User Interface Security (NFR3)

- Choice: The system should sanitize user search query inputs to prevent Cross-Site Scripting (XSS) attacks.
  - Validation Criteria:
    - 100\% of malformed/malicious URLs rejected before processing
  - Implementation Considerations:
    - Validate repository URLs against known valid patterns.
    - Test against standard Github URLs.
  - Related Requirements:
    - FR1.1 (Repository Input)
    - FR1.2 (Search)
    - FR1.6 (Chat)

Embedding Visualization Requirement (NFR4)

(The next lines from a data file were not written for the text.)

lemma moebius_antimono:
  fixes a b c d y t :: "'a::linordered_field"
  assumes "0 < c + y * d" "0 < c + t * d" "y \<le> t" "b * c \<le> a * d"
  shows "(a + t * b) / (c + t * d) \<le> (a + y * b) / (c + y * d)"
proof -
  have "(t - y) * (b * c - a * d) / ((c + y * d) * (c + t * d)) \<le> 0"
    using assms by (intro divide_nonpos_pos mult_nonneg_nonpos) auto
  then show ?thesis using moebius_diff[of c y d t a b] assms(1,2) by linarith
qed

lemma moebius_strict_mono:
  fixes a b c d y t :: "'a::linordered_field"
  assumes "0 < c + y * d" "0 < c + t * d" "y < t" "a * d < b * c"
  shows "(a + y * b) / (c + y * d) < (a + t * b) / (c + t * d)"
proof -
  have "0 < (t - y) * (b * c - a * d) / ((c + y * d) * (c + t * d))"
    using assms by (intro divide_pos_pos mult_pos_pos) auto
  then show ?thesis using moebius_diff[of c y d t a b] assms(1,2) by linarith
qed

section \<open>The functions R_e and D as ratios of truncated sums\<close>

lemma Rfun_eq_ratio:
  assumes "finite E" "1 \<le> w"
  shows "Rfun E w e Y = trunc_sum Y (E - {e}) w / trunc_sum Y (E - {e}) (Suc w)"
proof -
  have "{S. S \<subseteq> E - {e} \<and> card S \<le> w - 1} = {S \<in> Pow (E - {e}). card S < w}"
    using assms(2) by auto
  moreover have "{S. S \<subseteq> E - {e} \<and> card S \<le> w} = {S \<in> Pow (E - {e}). card S < Suc w}"
    by auto
  moreover have "finite (Pow (E - {e}))" using assms(1) by simp
  ultimately show ?thesis unfolding Rfun_def trunc_sum_def by (simp only: sum.inter_filter)
qed

text \<open>Claim (i), bounds: numerator and denominator are \<ge> 1 and the numerator is the smaller.\<close>
lemma Rfun_bounds:
  assumes "finite E" "1 \<le> w" "\<forall>f\<in>E - {e}. 0 \<le> Y f"
  shows "0 < Rfun E w e Y \<and> Rfun E w e Y \<le> 1"
proof -
  have "1 \<le> trunc_sum Y (E - {e}) w"
    using trunc_sum_ge_1[of "E - {e}" Y w] assms by auto
  moreover have "trunc_sum Y (E - {e}) w \<le> trunc_sum Y (E - {e}) (Suc w)"
    using trunc_sum_mono[OF assms(3)] .
  ultimately show ?thesis by (simp add: Rfun_eq_ratio[OF assms(1,2)])
qed

text \<open>Each summand  y R/(1 + y R)  of D equals  Y_e Q_w(E-e) / Q_(w+1)(E), so D is the
  Euler derivative of Q_(w+1)(E) divided by Q_(w+1)(E).\<close>
lemma Dfun_eq_ratio:
  assumes "finite E" "1 \<le> w" "\<forall>f\<in>E. 0 \<le> Y f"
  shows "Dfun E w Y = trunc_deriv Y Y E (Suc w) / trunc_sum Y E (Suc w)"
proof -
  have "Y e * Rfun E w e Y / (1 + Y e * Rfun E w e Y)
      = Y e * trunc_sum Y (E - {e}) w / trunc_sum Y E (Suc w)" if e: "e \<in> E" for e
  proof -
    define A C where "A = trunc_sum Y (E - {e}) w" and "C = trunc_sum Y (E - {e}) (Suc w)"
    have "1 \<le> C" "0 \<le> A" "0 \<le> Y e"
      using assms e trunc_sum_ge_1[of "E - {e}" Y] trunc_sum_nonneg[of "E - {e}" Y]
      by (auto simp: A_def C_def)
    moreover have "trunc_sum Y E (Suc w) = C + Y e * A"
      using trunc_sum_insert[of "E - {e}" e Y "Suc w"] assms(1) e
      by (simp add: A_def C_def insert_absorb)
    ultimately show ?thesis
      unfolding Rfun_eq_ratio[OF assms(1,2)] A_def[symmetric] C_def[symmetric]
      by (simp add: field_simps add_pos_nonneg)
  qed
  then show ?thesis
    unfolding Dfun_def trunc_deriv_def by (simp add: sum_divide_distrib)
qed
lemma rothe_coeff_Suc_diff:
  "rothe_coeff k x (Suc m) - rothe_coeff k (x - 1) (Suc m) = rothe_coeff k (x + real k - 1) m"
proof (cases m)
  case 0
  then show ?thesis by (simp add: rothe_coeff_def)
next
  case (Suc m')
  have "((x + real k * real (Suc m)) gchoose Suc m) - ((x - 1 + real k * real (Suc m)) gchoose Suc m)
      = (x + real k - 1 + real k * real m) gchoose m"
    using gbinomial_Suc_diff_pred[of "x + real k * real (Suc m)" m] by (simp add: algebra_simps)
  moreover have "((x + real k * real (Suc m) - 1) gchoose Suc m')
        - ((x - 1 + real k * real (Suc m) - 1) gchoose Suc m')
      = (x + real k - 1 + real k * real m - 1) gchoose m'"
    using gbinomial_Suc_diff_pred[of "x + real k * real (Suc m) - 1" m']
    by (simp add: algebra_simps)
  moreover have "x + real k * real (Suc m) - 1 = x + real k - 1 + real k * real m"
    "x + real k - 1 + real k * real m - 1 = x + real k * real (Suc m) - 2"
    by (simp_all add: algebra_simps)
  ultimately show ?thesis
    unfolding rothe_coeff_def using Suc by (simp add: algebra_simps)
qed

lemma rothe_conv_Suc_diff:
  "rothe_conv k (Suc n) x y - rothe_conv k (Suc n) (x - 1) y = rothe_conv k n (x + real k - 1) y"
proof -
  have "rothe_conv k (Suc n) x y - rothe_conv k (Suc n) (x - 1) y
     = (\<Sum>i\<le>n. (rothe_coeff k x (Suc i) - rothe_coeff k (x - 1) (Suc i))
                 * ((y + real k * real (n - i)) gchoose (n - i)))"
    unfolding rothe_conv_def sum.atMost_Suc_shift by (simp add: algebra_simps sum_subtractf)
  then show ?thesis
    unfolding rothe_conv_def rothe_coeff_Suc_diff .
qed

lemma rothe_conv_of_nat: "rothe_conv k n (real m) y = (real m + y + real k * real n) gchoose n"
proof (induction n arbitrary: m)
  case 0
  then show ?case by (simp add: rothe_conv_def)
next
  case (Suc n)
  note IH = Suc.IH
  show ?case
  proof (induction m)
    case 0
    show ?case
      unfolding rothe_conv_def sum.atMost_Suc_shift by (simp add: rothe_coeff_zero_left)
  next
    case (Suc m)
    have "rothe_conv k (Suc n) (real (Suc m)) y
        = rothe_conv k (Suc n) (real m) y + rothe_conv k n (real (m + k)) y"
      using rothe_conv_Suc_diff[of k n "real (Suc m)" y] by (simp add: algebra_simps)
    also have "\<dots> = ((real m + y + real k * real (Suc n)) gchoose Suc n)
        + ((real (m + k) + y + real k * real n) gchoose n)"
      using Suc.IH IH[of "m + k"] by simp
    also have "\<dots> = (real (Suc m) + y + real k * real (Suc n)) gchoose Suc n"
      using gbinomial_Suc_diff_pred[of "real (Suc m) + y + real k * real (Suc n)" n]
      by (simp add: algebra_simps)
    finally show ?case .
  qed
qed

lemma rothe_conv_minus_one:
  assumes "k \<ge> 1"
  shows "rothe_conv k n (-1) y = (y - 1 + real k * real n) gchoose n"
proof (cases n)
  case 0
  then show ?thesis by (simp add: rothe_conv_def)
next
  case (Suc n')
  have "rothe_conv k n (-1) y = rothe_conv k n 0 y - rothe_conv k n' (real k - 1) y"
    using rothe_conv_Suc_diff[of k n' 0 y] Suc by simp
  also have "\<dots> = ((y + real k * real n) gchoose n)
      - ((real (k - 1) + y + real k * real n') gchoose n')"
    using rothe_conv_of_nat[of k n 0 y] rothe_conv_of_nat[of k n' "k - 1" y] assms
    by simp
  also have "\<dots> = (y - 1 + real k * real n) gchoose n"
    using gbinomial_Suc_diff_pred[of "y + real k * real n" n'] Suc assms
    by (simp add: algebra_simps)
  finally show ?thesis .
qed

lemma s_coef_Suc_eq_rothe_coeff:
  assumes "k \<ge> 2"
  shows "s_coef k (Suc m) = - rothe_coeff k (-1) (Suc m)"
proof -
  define a where "a = real k * real (Suc m) - 1"
  have "a \<ge> 1" "real k > 1"
    using assms by (auto simp: a_def algebra_simps intro: order.trans[of _ "real k"])
  have "real (k * Suc m - 1) = a"
    using assms by (simp add: a_def algebra_simps)
  then have "s_coef k (Suc m) = (real k - 1) / a * (a gchoose m)"
    by (simp add: s_coef_def a_def binomial_gbinomial)
  also have "a gchoose m = a * ((a - 1) gchoose m) / ((real k - 1) * real (Suc m))"
  proof -
    have "a - real m = (real k - 1) * real (Suc m)"
      by (simp add: a_def algebra_simps)
    then have "(real k - 1) * real (Suc m) * (a gchoose m) = a * ((a - 1) gchoose m)"
      using gbinomial_absorb_comp[of a m] by simp
    moreover have "(real k - 1) * real (Suc m) \<noteq> 0"
      using \<open>real k > 1\<close> by simp
    ultimately show ?thesis
      by (simp add: eq_divide_eq mult.commute)
  qed
  finally have s: "s_coef k (Suc m) = ((a - 1) gchoose m) / real (Suc m)"
    using \<open>a \<ge> 1\<close> \<open>real k > 1\<close> by simp
  have "rothe_coeff k (-1) (Suc m) = (a gchoose Suc m) - real k * ((a - 1) gchoose m)"
    by (simp add: rothe_coeff_def a_def algebra_simps)
  also have "\<dots> = (a / real (Suc m) - real k) * ((a - 1) gchoose m)"
    using gbinomial_absorption'[of "Suc m" a] by (simp add: algebra_simps)
  also have "a / real (Suc m) - real k = - 1 / real (Suc m)"
    by (simp add: a_def field_simps)
  finally show ?thesis
    using s by simp
qed

lemma fuss_catalan_convolution:
  assumes "k \<ge> 2"
  shows "(\<Sum>i\<le>n. s_coef k (Suc i) * ((y + real k * real (n - i)) gchoose (n - i)))
       = (y + real k * real (Suc n) - 1) gchoose n"
proof -
  have "rothe_conv k (Suc n) (-1) y
      = ((y + real k * real (Suc n)) gchoose Suc n)
        - (\<Sum>i\<le>n. s_coef k (Suc i) * ((y + real k * real (n - i)) gchoose (n - i)))"
    unfolding rothe_conv_def sum.atMost_Suc_shift using s_coef_Suc_eq_rothe_coeff[OF assms]
    by (simp add: sum_negf)
  then show ?thesis
    using rothe_conv_minus_one[of k "Suc n" y] assms
      gbinomial_Suc_diff_pred[of "y + real k * real (Suc n)" n]
    by (simp add: algebra_simps)
qed
lemma eigenpair_cotree_coefficients:
  assumes a: "\<And>x. x \<in> core \<Longrightarrow> takes_value (edge_len w) g x a" and i: "i \<in> cotree"
  shows "g i 0 = a * amp_cos w i \<and> edge_deriv (edge_len w) g i 0 = a * amp_sin w \<beta> i"
proof -
  have iN: "i < N" "i \<notin> tree" using i by (auto simp: cotree_def)
  let ?A = "g i 0" and ?B = "edge_deriv (edge_len w) g i 0" and ?L = "edge_len w i"
  have start: "?A = a" if "org i \<in> core" using a[OF that] iN by (simp add: takes_value_def)
  have "end": "harmonic ?A ?B ?L = a" if "tgt i \<in> core"
    using a[OF that] iN eigenpair_value_at_end(1)[of i] by (simp add: takes_value_def)
  from i show ?thesis
  proof (cases rule: cotree_cases)
    case chord
    then have core: "org i \<in> core" "tgt i \<in> core" and L: "?L = chord_length (w i)"
      using iN by (auto simp: core_edges_def edge_len_def)
    have "harmonic a (a * of_real (w i)) ?L = a * of_real (cos ?L + w i * sin ?L)"
      by (simp add: harmonic_def algebra_simps)
    also have "\<dots> = a" using chord_length(3)[OF weights_nonzero[OF i]] L by simp
    finally have "harmonic a ?B ?L = harmonic a (a * of_real (w i)) ?L"
      using "end"[OF core(2)] start[OF core(1)] by simp
    then have "?B = a * of_real (w i)"
      by (rule harmonic_cancel(1)) (use chord_length(2)[OF weights_nonzero[OF i]] L in simp)
    then show ?thesis using start[OF core(1)] core iN by (simp add: amp_cos_def amp_sin_def)
  next
    case out
    have L: "?L = pendant_length (w i)" using out iN by (simp add: core_edges_def edge_len_def)
    have "deg (tgt i) = 1" using endpoint_leaf_or_core[OF iN(1)] out by blast
    then have "harmonic ?B (- a) ?L = 0"
      using eigenpair_leaf_slope(2)[OF g iN(1)] eigenpair_value_at_end(2)[OF iN(1)] start[OF out(1)]
      by simp
    also have "0 = harmonic (a * of_real (w i)) (- a) ?L"
      using pendant_length(3)[of "w i"] L by (simp add: harmonic_def flip: of_real_mult)
    finally have "?B = a * of_real (w i)"
      by (rule harmonic_cancel(2)) (use pendant_length(2)[of "w i"] L in simp)
    then show ?thesis using start[OF out(1)] out iN by (simp add: amp_cos_def amp_sin_def)
  next
    case into
    have L: "?L = pendant_length (w i)" using into iN by (simp add: core_edges_def edge_len_def)
    have B: "?B = 0"
      using eigenpair_leaf_slope(1)[OF g iN(1)] endpoint_leaf_or_core[OF iN(1)] into by auto
    have "harmonic ?A 0 ?L = harmonic (a * of_real (1 / cos ?L)) 0 ?L"
      using "end"[OF into(2)] B pendant_length(2)[of "w i"] L by (simp add: harmonic_def)
    then have "?A = a * of_real (1 / cos ?L)"
      by (rule harmonic_cancel(2)) (use pendant_length(2)[of "w i"] L in simp)
    then show ?thesis using B into iN by (simp add: amp_cos_def amp_sin_def)
  qed
qed

text \<open>Once \<open>g\<close> is matched with \<open>a\<close> times the candidate on the cotree, Kirchhoff's law at the core
  determines the tree slopes, because a flow on a tree is determined by its divergence.\<close>
lemma eigenpair_multiple_of_eigfun:
  "\<exists>c. \<forall>i<N. \<forall>t\<in>{0..edge_len w i}. g i t = c * eigfun w \<beta> i t"
proof -
  obtain a where a: "\<And>x. x \<in> core \<Longrightarrow> takes_value (edge_len w) g x a"
    using eigenpair_constant_on_core by blast
  define A B where "A i = g i 0" and "B i = edge_deriv (edge_len w) g i 0" for i
  have tree: "A i = a" if "i \<in> tree" for i
    using a[of "org i"] tree_edge[OF that] by (simp add: takes_value_def A_def)
  have cotree: "A i = a * amp_cos w i \<and> B i = a * amp_sin w \<beta> i" if "i \<in> cotree" for i
    using eigenpair_cotree_coefficients[OF a that] by (simp add: A_def B_def)
  have "tree_div (\<lambda>i. B i - a * \<beta> i) x = 0" if x: "x \<in> core" for x
  proof -
    have "(\<Sum>i\<in>{i. i < N \<and> org i = x}. B i)
       - (\<Sum>i\<in>{i. i < N \<and> tgt i = x}. edge_deriv (edge_len w) g i (edge_len w i)) = 0"
      using g x core_subset_V unfolding eigenpair_def B_def by blast
    moreover have "(\<Sum>i\<in>{i. i < N \<and> tgt i = x}. edge_deriv (edge_len w) g i (edge_len w i))
      = (\<Sum>i\<in>{i. i < N \<and> tgt i = x}. harmonic (B i) (- A i) (edge_len w i))"
      using eigenpair_value_at_end(2) unfolding A_def B_def by (intro sum.cong) auto
    ultimately have "(\<Sum>i\<in>{i. i < N \<and> org i = x}. B i)
       - (\<Sum>i\<in>{i. i < N \<and> tgt i = x}. harmonic (B i) (- A i) (edge_len w i)) = 0"
      by simp
    then show ?thesis
      using kirchhoff_sum_core[OF cotree tree x] kirchhoff[OF x] by (simp add: tree_div_diff tree_div_scale)
  qed
  then have "B i = a * \<beta> i" if "i \<in> tree" for i
    using tree_div_eq_0_imp[of "\<lambda>i. B i - a * \<beta> i" i] that by simp
  then have "A i = a * amp_cos w i \<and> B i = a * amp_sin w \<beta> i" if "i < N" for i
    using tree cotree tree_or_cotree[OF that] by (auto simp: amp_cos_def amp_sin_def)
  then have "g i t = a * eigfun w \<beta> i t" if "i < N" "t \<in> {0..edge_len w i}" for i t
    using eigenpair_harmonic(1)[OF g that] that(1) unfolding A_def B_def eigfun_def
    by (simp add: harmonic_scale)
  then show ?thesis by blast
qed

end

lemma eigfun_simple: "simple_eigenpair V N org tgt (edge_len w) (1\<^sup>2) (eigfun w \<beta>)"
  using eigfun_eigenpair eigenpair_multiple_of_eigfun by (simp add: simple_eigenpair_def)

lemma eigfun_not_single_loop: "\<not> supported_on_single_loop N org tgt (edge_len w) (eigfun w \<beta>)"
proof
  assume "supported_on_single_loop N org tgt (edge_len w) (eigfun w \<beta>)"
  then obtain i where i: "\<forall>m<N. m \<noteq> i \<longrightarrow> (\<forall>t\<in>{0..edge_len w m}. eigfun w \<beta> m t = 0)"
    unfolding supported_on_single_loop_def by blast
  define m where "m = (if i = 0 then 1 else 0 :: nat)"
  have "2 \<le> N" using two_le_N root by blast
  then have "m < N" "m \<noteq> i" by (auto simp: m_def)
  then have "eigfun w \<beta> m 0 = 0" using i edge_len_pos[of m] by auto
  then show False using amp_cos_nonzero[of m] by (simp add: eigfun_def)
qed

lemma eigfun_slopes:
  "edge_deriv (edge_len w) (eigfun w \<beta>) i 0 = amp_sin w \<beta> i"
  "edge_deriv (edge_len w) (eigfun w \<beta>) i (edge_len w i) = harmonic (amp_sin w \<beta> i) (- amp_cos w i) (edge_len w i)"
proof -
  have "edge_deriv (edge_len w) (eigfun w \<beta>) i t = harmonic (amp_sin w \<beta> i) (- amp_cos w i) t"
    if "t \<in> {0..edge_len w i}" for t
    by (rule edge_deriv_harmonic[of "edge_len w" i, OF edge_len_pos _ that]) (simp add: eigfun_def)
  then show "edge_deriv (edge_len w) (eigfun w \<beta>) i 0 = amp_sin w \<beta> i"
    "edge_deriv (edge_len w) (eigfun w \<beta>) i (edge_len w i) = harmonic (amp_sin w \<beta> i) (- amp_cos w i) (edge_len w i)"
    using edge_len_pos[of i] by simp_all
qed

- Choice: A 2D visualization tool will display code embeddings to help analyze and improve indexing and search.
  - Validation Criteria:
    - Visualization correctly clusters similar code types.
    - Report analysis identifies strategies for improving search quality.
  - Implementation Considerations:
    - Implement dimension reduction techniques (t-SNE, UMAP) for 2D visualization.
    - Used to make informed decisions about the search quality.
  - Related Requirements:
    - FR2.2 (Code Indexing)
    - FR2.3 (Vector Database)

Scala Implementation Requirement (IR1)

- Choice: The system should be implemented in Scala, following functional programming principles.
  - Success Criteria:
    - Scala tools are used to ensure consisent.
    - Functional programming patterns are used to ensure consistent code quality.
  - Implementation Considerations:
    - Use appropriate abstraction mechanisms (strategies, factories, memoization, etc.)
    - Implement error handling using functional approaches (Try, Option)
  - Related Requirements:
    - FR2.2 (Code Indexing)
    - FR2.3 (Vector Database)
    - FR2.4 (LLM Integration)

Qdrant Vector Database Requirement (IR2)

- Choice: The system should use Qdrant as the vector database for code embeddings.
  - Rationale: Qdrant provides efficient vector search capabilities with filtering options needed for code search.
  - Validation Criteria:
    - Qdrant client wrapper handles all required vector operations.
    - Collection schemas designed for code embeddings and text embeddings.
  - Implementation Considerations:
    - Implement the AIServices wrapper around the Qdrant module. Configure distance metrics.
  - Related Requirements:
    - FR2.3 (Vector Database)
    - NFR1 (Performance)

Ollama Integration Requirement (IR3)

- Choice: The system should integrate with Ollama for LLM functionalities.
  - Rationale: Ollama provides locally-hosted LLM models, yielding good privacy and reduced latency.
  - Success Criteria:
    - The application successfully communicates with Ollama.
  - Implementation Considerations:
    - Implement the AIServices wrapper around the Ollama module.
    - Use prompt templates optimized for code understanding.
  - Related Requirements:
    - FR1.6 (Chat)
    - FR2.4 (LLM Integration)
    - NFR1 (Performance)

Layered Architecture (IR4)

- Choice: The system should follow a layered architecture approach, ensuring better modularity.
  - Success Criteria:
    - All components separated into Presentation, Application, Domain, and Infrastructure layers.
    - The separation is assessed via ArchUnit tests.